Explicit solutions for a class of inherently nonlinear systems and applications to controller design
In practice, more and more nonlinear models are being developed to capture the complexity of real phenomena in control systems. It is well-preconized that nonlinear systems are vastly more difficult to analyze than linear ones. In the nonlinear regime, many of the most basic questions remain unanswered. Among them, the problem of finding the explicit formula of a solution for a nonlinear system is very difficult to solve because the linear superposition is no longer available for linear systems. On the other hand, explicit solutions to the nonlinear equations are of fundamental importance for behavior analysis. In this thesis, we develop new theorems for property analysis and tools for controller design for some inherently nonlinear systems.
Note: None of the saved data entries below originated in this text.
definition schwartz :: "(real \<Rightarrow> complex) \<Rightarrow> bool" where
  "schwartz q \<longleftrightarrow> (\<exists>D :: nat \<Rightarrow> real \<Rightarrow> complex.
      D 0 = q \<and>
      (\<forall>n x. (D n has_vector_derivative D (Suc n) x) (at x)) \<and>
      (\<forall>m n. bounded (range (\<lambda>x. of_real (x ^ m) * D n x))))"

text \<open>Column solution Y = (Y1, Y2) of  Y_x = -i zeta Lambda Y + Q Y,
  with Q = [[0,q],[r,0]], Lambda = diag(1,-1).\<close>
definition solves_eig :: "(real \<Rightarrow> complex) \<Rightarrow> (real \<Rightarrow> complex) \<Rightarrow> complex
     \<Rightarrow> (real \<Rightarrow> complex \<times> complex) \<Rightarrow> bool" where
  "solves_eig q r \<zeta> Y \<longleftrightarrow> (\<forall>x. (Y has_vector_derivative
      (- \<i> * \<zeta> * fst (Y x) + q x * snd (Y x),
         \<i> * \<zeta> * snd (Y x) + r x * fst (Y x))) (at x))"

text \<open>Row solution K = (K1, K2) of  K_x = i zeta K Lambda - K Q.\<close>
definition solves_adj :: "(real \<Rightarrow> complex) \<Rightarrow> (real \<Rightarrow> complex) \<Rightarrow> complex
     \<Rightarrow> (real \<Rightarrow> complex \<times> complex) \<Rightarrow> bool" where
  "solves_adj q r \<zeta> K \<longleftrightarrow> (\<forall>x. (K has_vector_derivative
      (\<i> * \<zeta> * fst (K x) - snd (K x) * r x,
       - \<i> * \<zeta> * snd (K x) - fst (K x) * q x)) (at x))"

definition eigenfunction :: "(real \<Rightarrow> complex) \<Rightarrow> (real \<Rightarrow> complex) \<Rightarrow> complex
     \<Rightarrow> (real \<Rightarrow> complex \<times> complex) \<Rightarrow> complex \<times> complex \<Rightarrow> bool" where
  "eigenfunction q r \<zeta> Y v \<longleftrightarrow> Im \<zeta> > 0 \<and> solves_eig q r \<zeta> Y \<and> (\<exists>x. Y x \<noteq> 0) \<and>
     ((\<lambda>x. (exp (\<i> * \<zeta> * of_real x) * fst (Y x), exp (\<i> * \<zeta> * of_real x) * snd (Y x)))
        \<longlongrightarrow> (fst v, 0)) at_bot \<and>
     ((\<lambda>x. (exp (- \<i> * \<zeta> * of_real x) * fst (Y x), exp (- \<i> * \<zeta> * of_real x) * snd (Y x)))
        \<longlongrightarrow> (0, - snd v)) at_top"

definition is_eigenvalue :: "(real \<Rightarrow> complex) \<Rightarrow> (real \<Rightarrow> complex) \<Rightarrow> complex \<Rightarrow> bool" where
  "is_eigenvalue q r \<zeta> \<longleftrightarrow> (\<exists>Y v. eigenfunction q r \<zeta> Y v)"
In this thesis, we first develop a method based on homogeneous systems theory to systematically solve explicit solution for some 2D nonlinear systems. The sufficient the conditions for the the existence of explicit solutions are given for systems with zero and positive homogeneous degrees. By comparing the explicit solution with the numerical solution, we show that explicit solutions will eliminate the approximation error which is accumulated by the numerical method and becomes larger and larger as the time elapses. Second, we apply the use of explicit solutions to design controllers which will yield explicit solutions for the nonlinear systems. The availability of the explicit solutions will have the advantages for verifying the performance of the controller. Finally, we extend our theories to construct explicit solutions for higher-dimensional dynamic systems whose solutions are asymptotically stable.
The systematic approaches for constructing the explicit solutions of some nonlinear systems developed in this thesis provides us new means for analyzing system properties, which were inadequately addressed earlier due to the lack of useful linearizations. With further research in this direction, more powerful tools for behavior analysis and controller design can be achieved.